Upload PDFs for analysis, summarization, or extraction:

import base64
with open("report.pdf", "rb") as f:
    pdf_data = base64.b64encode(f.read()).decode("utf-8")
response = client.messages.create(
    model="claude-sonnet-4-20250514",
    max_tokens=2048,
    messages=[
        {
            "role": "user",
            "content": [
                {
                    "type": "document",
                    "source": {
                        "type": "base64",
                        "media_type": "application/pdf",
                        "data": pdf_data
                    }
                },
                {
                    "type": "text",
                    "text": "Summarize the key findings from this report."
                }
            ]
        }
    ]
)

Image and Vision Support

Claude can analyze images for visual question answering:

with open("chart.png", "rb") as f:
    image_data = base64.b64encode(f.read()).decode("utf-8")
response = client.messages.create(
    model="claude-sonnet-4-20250514",
    max_tokens=1024,
    messages=[
        {
            "role": "user",
            "content": [
                {
                    "type": "image",
                    "source": {
                        "type": "base64",
                        "media_type": "image/png",
                        "data": image_data
                    }
                },
                {
                    "type": "text",
                    "text": "What does this chart show?"
                }
            ]
        }
    ]
)

Feature Availability & Lifecycle

Features on the Claude Platform follow a lifecycle:

Beta: Preview features for feedback.
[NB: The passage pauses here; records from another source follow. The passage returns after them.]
(* Let $I=(v,R,D)$ be an instance of the truck-drone problem, let $\mathcal{S}_g$ be the schedule produced by the greedy algorithm described in the context (for any tie-breaking), and let $\mathcal{S}_{OPT}$ be an optimal (maximum-length feasible) schedule for $I$. Then $\mathcal{S}_g$ is feasible and $|\mathcal{S}_{OPT}|\le 2|\mathcal{S}_g|$.
   Context: Truck-drone problem: a truck starts at $[0,0]$ at time $0$ and moves along the $x$-axis in the positive direction at speed $1$, so that at time $t$ it is at $[t,0]$. A drone with speed $v>1$ and flying range $R>0$ rides on it. An instance is $I=(v,R,D)$, with $D$ a finite multiset of points not on the positive $x$-axis. A delivery to $d$ starting at $[s,0]$ works as follows: the drone leaves at $[s,0]$, flies straight to $d$, then flies straight to meet the truck at $[r,0]$, where $r>s$ is the unique value with $|[s,0]d|+|d\,[r,0]|=v(r-s)$. The delivery is valid if $v(r-s)\le R$; we write $\mathrm{ret}(s,d)=r$. A schedule $((d_{i_1},s_1),\dots,(d_{i_m},s_m))$ (distinct indices, length $m$) is feasible if $s_1\ge0$, every delivery is valid, and the return point of delivery $j$ is $\le s_{j+1}$. Let $M=R/2$ and $m_0=\frac{R}{2v}\sqrt{v^2-1}$. For $d=[x,y]$ with $|y|\le m_0$, let $x'=M\sqrt{1-y^2/m_0^2}$, $es(d)=x-\frac{R}{2v}-x'$ and $ls(d)=x-\frac{R}{2v}+x'$; then $d$ is reachable by a valid delivery from $[s,0]$ exactly when $es(d)\le s\le ls(d)$. Greedy algorithm: set $s\gets0$ and let $U$ be the set of points of $D$ with $|y|\le m_0$. Repeat the following step. Let $F=\{d\in U: es(d)\le s\le ls(d)\}$. If $F\ne\emptyset$, choose $d\in F$ minimizing $\mathrm{ret}(s,d)$, append $(d,s)$ to the schedule, remove $d$ from $U$, and set $s\gets\mathrm{ret}(s,d)$. Otherwise, if some $d\in U$ has $es(d)>s$, set $s\gets\min\{es(d): d\in U, es(d)>s\}$. Otherwise stop. *)

theory Defs
  imports Complex_Main
begin

text \<open>Points are pairs (x,y) of reals; the truck at time t is at (t,0).
  The multiset D of delivery points is represented as a list; deliveries refer
  to indices into this list (so repeated points are distinct deliveries).\<close>

definition edist :: "real \<times> real \<Rightarrow> real \<times> real \<Rightarrow> real" where
  "edist p q = sqrt ((fst p - fst q)^2 + (snd p - snd q)^2)"

definition ret :: "real \<Rightarrow> real \<Rightarrow> real \<times> real \<Rightarrow> real" where
  "ret v s d = (THE r. r > s \<and> edist (s,0) d + edist d (r,0) = v * (r - s))"

definition valid_delivery :: "real \<Rightarrow> real \<Rightarrow> real \<Rightarrow> real \<times> real \<Rightarrow> bool" where
  "valid_delivery v R s d \<longleftrightarrow> v * (ret v s d - s) \<le> R"

text \<open>A schedule is a list of (index into D, start point) pairs.\<close>
definition feasible :: "real \<Rightarrow> real \<Rightarrow> (real \<times> real) list \<Rightarrow> (nat \<times> real) list \<Rightarrow> bool" where
  "feasible v R D S \<longleftrightarrow>
     distinct (map fst S) \<and>
     (\<forall>(i,s)\<in>set S. i < length D \<and> valid_delivery v R s (D ! i)) \<and>
     (S \<noteq> [] \<longrightarrow> snd (hd S) \<ge> 0) \<and>
     (\<forall>j. Suc j < length S \<longrightarrow> ret v (snd (S ! j)) (D ! fst (S ! j)) \<le> snd (S ! Suc j))"

definition Mh :: "real \<Rightarrow> real" where "Mh R = R / 2"
definition m0 :: "real \<Rightarrow> real \<Rightarrow> real" where "m0 v R = R / (2 * v) * sqrt (v^2 - 1)"
definition xprime :: "real \<Rightarrow> real \<Rightarrow> real \<times> real \<Rightarrow> real" where
  "xprime v R d = Mh R * sqrt (1 - (snd d)^2 / (m0 v R)^2)"
definition es :: "real \<Rightarrow> real \<Rightarrow> real \<times> real \<Rightarrow> real" where
  "es v R d = fst d - R / (2 * v) - xprime v R d"
definition ls :: "real \<Rightarrow> real \<Rightarrow> real \<times> real \<Rightarrow> real" where
  "ls v R d = fst d - R / (2 * v) + xprime v R d"

definition Fset :: "real \<Rightarrow> real \<Rightarrow> (real \<times> real) list \<Rightarrow> real \<Rightarrow> nat set \<Rightarrow> nat set" where
  "Fset v R D s U = {i \<in> U. es v R (D ! i) \<le> s \<and> s \<le> ls v R (D ! i)}"

text \<open>Greedy algorithm as a relation: greedy_run v R D s U S means that, started in
  state (s,U), some run of the algorithm (with some tie-breaking) stops and
  appends exactly the schedule S.\<close>
inductive greedy_run :: "real \<Rightarrow> real \<Rightarrow> (real \<times> real) list \<Rightarrow> real \<Rightarrow> nat set \<Rightarrow> (nat \<times> real) list \<Rightarrow> bool"
  for v R D where
  pick: "\<lbrakk> i \<in> Fset v R D s U;
          \<forall>j \<in> Fset v R D s U. ret v s (D ! i) \<le> ret v s (D ! j);
          greedy_run v R D (ret v s (D ! i)) (U - {i}) S \<rbrakk>
         \<Longrightarrow> greedy_run v R D s U ((i, s) # S)"
| jump: "\<lbrakk> Fset v R D s U = {};
          \<exists>i \<in> U. es v R (D ! i) > s;
          greedy_run v R D (Min {es v R (D ! i) | i. i \<in> U \<and> es v R (D ! i) > s}) U S \<rbrakk>
         \<Longrightarrow> greedy_run v R D s U S"
| stop: "\<lbrakk> Fset v R D s U = {}; \<forall>i \<in> U. \<not> es v R (D ! i) > s \<rbrakk>
         \<Longrightarrow> greedy_run v R D s U []"

definition greedy_init :: "real \<Rightarrow> real \<Rightarrow> (real \<times> real) list \<Rightarrow> nat set" where
  "greedy_init v R D = {i. i < length D \<and> \<bar>snd (D ! i)\<bar> \<le> m0 v R}"

definition greedy_schedule :: "real \<Rightarrow> real \<Rightarrow> (real \<times> real) list \<Rightarrow> (nat \<times> real) list \<Rightarrow> bool" where
  "greedy_schedule v R D S \<longleftrightarrow> greedy_run v R D 0 (greedy_init v R D) S"

end

theory Submission
  imports Defs "HOL-Analysis.Product_Vector"
begin

text \<open>A delivery launched at \<open>s\<close> is valid iff the point lies in the ellipse with foci \<open>(s,0)\<close> and
  \<open>(s + R/v, 0)\<close> and major axis \<open>R\<close>; this is what makes \<open>[es d, ls d]\<close> the window of launch points.
  Trips of an optimal schedule to points that the greedy schedule serves number at most \<open>|S\<^sub>g|\<close>,
  since each point is served once. Every other trip, launched at \<open>t\<close>, is charged to the first
  greedy delivery whose return point \<open>b\<close> exceeds \<open>t\<close>: by the greedy choice that trip is still in
  the air at \<open>b\<close>, and disjoint trips cannot both be, so each greedy delivery is charged at most once.\<close>

lemma edist_eq_dist: "edist p q = dist p q"
  by (cases p; cases q) (simp add: edist_def dist_Pair_Pair dist_real_def power2_abs)

lemma dist_on_axis: "dist ((r::real), (0::real)) (r', 0) = \<bar>r - r'\<bar>"
  by (simp add: dist_Pair_Pair dist_real_def)

definition ret_gap :: "real \<Rightarrow> real \<Rightarrow> real \<times> real \<Rightarrow> real \<Rightarrow> real" where
  "ret_gap v s d r = dist (s,0) d + dist d (r,0) - v * (r - s)"

lemma ret_gap_strict_antimono:
  assumes "v > 1" "r < r'"
  shows "ret_gap v s d r' < ret_gap v s d r"
proof -
  have "dist d (r',0) \<le> dist d (r,0) + dist (r,0) (r',0::real)"
    by (rule dist_triangle)
  also have "dist (r,0) (r',0::real) = r' - r"
    using assms by (simp add: dist_on_axis)
  finally have "dist d (r',0) \<le> dist d (r,0) + (r' - r)" .
  moreover have "(r' - r) * 1 < (r' - r) * v"
    using assms by (intro mult_strict_left_mono) auto
  ultimately show ?thesis
    unfolding ret_gap_def by (simp add: algebra_simps)
qed

lemma ret_gap_antimono:
  assumes "v > 1" "r \<le> r'"
  shows "ret_gap v s d r' \<le> ret_gap v s d r"
  using ret_gap_strict_antimono[OF assms(1)] assms(2) by (metis order_le_less order_refl)

text \<open>The gap is \<open>2 dist (s,0) d > 0\<close> at \<open>r = s\<close> and decreases with slope at most \<open>1 - v < 0\<close>,
  so it has exactly one root to the right of \<open>s\<close>, and that root is \<open>ret\<close>.\<close>
lemma ret_spec:
  assumes "v > 1" "d \<noteq> (s,0)"
  shows "s < ret v s d" "ret_gap v s d (ret v s d) = 0"
proof -
  let ?e = "dist (s,0) d"
  have e: "?e > 0" using assms by simp
  define b where "b = s + 2 * ?e / (v - 1)"
  have sb: "s < b" using e assms by (simp add: b_def)
  have gap_s: "ret_gap v s d s = 2 * ?e"
    unfolding ret_gap_def by (simp add: dist_commute)
  have "dist d (b,0) \<le> dist d (s,0) + dist (s,0) (b,0::real)"
    by (rule dist_triangle)
  hence "ret_gap v s d b \<le> 2 * ?e + (b - s) - v * (b - s)"
    unfolding ret_gap_def using sb by (simp add: dist_on_axis dist_commute)
  also have "\<dots> = 0" using assms by (simp add: b_def field_simps)
  finally have "ret_gap v s d b \<le> 0" .
  moreover have "continuous_on {s..b} (ret_gap v s d)"
    unfolding ret_gap_def by (intro continuous_intros)
  ultimately obtain r where r: "s \<le> r" "r \<le> b" "ret_gap v s d r = 0"
    using IVT2'[of "ret_gap v s d" b 0 s] gap_s e sb by auto
  have "s < r" using r gap_s e by (cases "r = s") auto
  have "ret v s d = r"
    unfolding ret_def
  proof (rule the_equality)
    show "s < r \<and> edist (s,0) d + edist d (r,0) = v * (r - s)"
      using \<open>s < r\<close> r(3) by (simp add: edist_eq_dist ret_gap_def)
  next
    fix r' assume "s < r' \<and> edist (s,0) d + edist d (r',0) = v * (r' - s)"
    hence "ret_gap v s d r' = 0" by (simp add: edist_eq_dist ret_gap_def)
    thus "r' = r"
      using ret_gap_strict_antimono[OF assms(1), of r r' s d]
        ret_gap_strict_antimono[OF assms(1), of r' r s d] r(3)
      by (cases r r' rule: linorder_cases) auto
  qed
  thus "s < ret v s d" "ret_gap v s d (ret v s d) = 0" using \<open>s < r\<close> r(3) by simp_all
qed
May change significantly. Not for production.
Generally Available (GA): Stable, fully supported, recommended for production.
Deprecated: Still functional but migration path provided.
Retired: No longer available.

Check the Claude API documentation for the current status of each feature on your platform (Anthropic API, AWS Bedrock, Vertex AI, or Microsoft Foundry).

Key Takeaways

Claude's API is organized into five areas: model capabilities, tools, tool infrastructure, context management, and files/assets. Start with capabilities and tools, then optimize with context management.
Extended thinking and adaptive thinking dramatically improve performance on complex reasoning tasks. Use effort parameter for fine-grained control.
Tools extend Claude beyond text: custom functions, web search, code execution, and computer use. The Tool Runner SDK simplifies multi-tool agents.
Context management is critical for production: use prompt caching to reduce costs, compact long conversations, and leverage 1M token context windows for large documents.
Feature lifecycle matters: always check if a feature is GA before using it in production. Beta features may have breaking changes.